Using its proprietary media-modelling techniques, the data-driven sports marketing agency projects the global sports media rights market will be worth $60.9 billion (€50.7bn) in 2024 – up from $48.2 billion in 2019, a five-year growth rate of 29 per cent.
During this period, the value of live rights will grow at a rate of 18.7 per cent to hit $49.1 billion in 2024. However, the agency projects in-play clips rights will grow at a rate of 76 per cent to hit $1.7 billion, while short-form highlights rights will grow by 101 per cent to hit $3.2 billion, across the same period.
This growth is due to rights-holders capitalising on changes in media consumption habits to create and license new packages of short-form sports action. Though in 2019 live rights account for 86 per cent of the value received by rights-holders, according to Two Circles the average sports fan only consumes 55 per cent of their sports video content live – a proportion that is set to fall to 53 per cent in 2024.

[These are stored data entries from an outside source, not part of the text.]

(* Let $K$ be a field and $P$ an arbitrary poset. The quotient algebra $FI(P)/\mathrm{Rad}\,FI(P)$ is commutative, where $\mathrm{Rad}$ denotes the Jacobson radical.
   Context: $K$ is a field, $P$ an arbitrary poset. $I(P)$ is the set of functions $\alpha$ assigning to each pair $x\le y$ in $P$ a value $\alpha(x,y)\in K$. An element $\alpha\in I(P)$ is a finitary series if for all $x<y$ in $P$ there are only finitely many pairs $(u,v)$ with $x\le u<v\le y$ and $\alpha(u,v)\neq0$; $FI(P)$ is the set of finitary series. $FI(P)$ is an associative $K$-algebra under pointwise addition and convolution $(\alpha\beta)(x,y)=\sum_{x\le z\le y}\alpha(x,z)\beta(z,y)$. *)

theory Defs
  imports "HOL-Algebra.QuotRing"
begin

text \<open>Incidence-algebra elements: functions on pairs, normalised to vanish off
  the relation x \<le> y. The poset is the carrier set P of a type with class order.\<close>

definition incidence :: "'a::order set \<Rightarrow> ('a \<Rightarrow> 'a \<Rightarrow> 'k::field) set" where
  "incidence P = {\<alpha>. \<forall>x y. \<alpha> x y \<noteq> 0 \<longrightarrow> x \<in> P \<and> y \<in> P \<and> x \<le> y}"

definition finitary :: "'a::order set \<Rightarrow> ('a \<Rightarrow> 'a \<Rightarrow> 'k::field) \<Rightarrow> bool" where
  "finitary P \<alpha> \<longleftrightarrow> (\<forall>x\<in>P. \<forall>y\<in>P. x < y \<longrightarrow>
      finite {(u, v). u \<in> P \<and> v \<in> P \<and> x \<le> u \<and> u < v \<and> v \<le> y \<and> \<alpha> u v \<noteq> 0})"

definition FI :: "'a::order set \<Rightarrow> ('a \<Rightarrow> 'a \<Rightarrow> 'k::field) set" where
  "FI P = {\<alpha> \<in> incidence P. finitary P \<alpha>}"

text \<open>Convolution; for finitary series the index set of nonzero terms is finite.\<close>
definition conv :: "'a::order set \<Rightarrow> ('a \<Rightarrow> 'a \<Rightarrow> 'k::field) \<Rightarrow> ('a \<Rightarrow> 'a \<Rightarrow> 'k) \<Rightarrow> ('a \<Rightarrow> 'a \<Rightarrow> 'k)" where
  "conv P \<alpha> \<beta> = (\<lambda>x y. if x \<in> P \<and> y \<in> P \<and> x \<le> y then
      (\<Sum>z \<in> {z \<in> P. x \<le> z \<and> z \<le> y \<and> \<alpha> x z * \<beta> z y \<noteq> 0}. \<alpha> x z * \<beta> z y) else 0)"

definition delta :: "'a::order set \<Rightarrow> ('a \<Rightarrow> 'a \<Rightarrow> 'k::field)" where
  "delta P = (\<lambda>x y. if x \<in> P \<and> x = y then 1 else 0)"

definition FI_ring :: "'a::order set \<Rightarrow> ('a \<Rightarrow> 'a \<Rightarrow> 'k::field) ring" where
  "FI_ring P = \<lparr>carrier = FI P, mult = conv P, one = delta P,
                zero = (\<lambda>x y. 0), add = (\<lambda>\<alpha> \<beta> x y. \<alpha> x y + \<beta> x y)\<rparr>"

definition left_ideal :: "'b set \<Rightarrow> ('b, 'c) ring_scheme \<Rightarrow> bool" where
  "left_ideal I R \<longleftrightarrow> additive_subgroup I R \<and>
     (\<forall>a \<in> carrier R. \<forall>x \<in> I. a \<otimes>\<^bsub>R\<^esub> x \<in> I)"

Gareth Balch, Two Circles CEO, said: “Sport is the last bastion of live entertainment, as we see repeatedly through its ability to create moments that make the world stand still. As the world’s population and average wealth rises, live sport will continue to be a valuable entertainment platform that people will pay to watch, and brands pay to advertise around. However, sports fans want to complement live viewing with content they can watch on-demand in a format that suits their day-to-day lives, or see the key moments of action as they happen if they cannot commit to an entire live game. There is huge unrealised commercial value here, which rights-holders are beginning to capitalise on through new content packages and evolved relationships with media partners.”
Recent deals that demonstrate the growing value of clips and short-form highlights rights include the ICC’s new four-year partnership with Facebook, which has seen the social media platform become world cricket governing body’s exclusive digital content rights partner, a deal worth a reported $100 million. Across CWC19, the ICC drew 4.6 billion views for its short-form digital content across owned channels and licensee partner channels.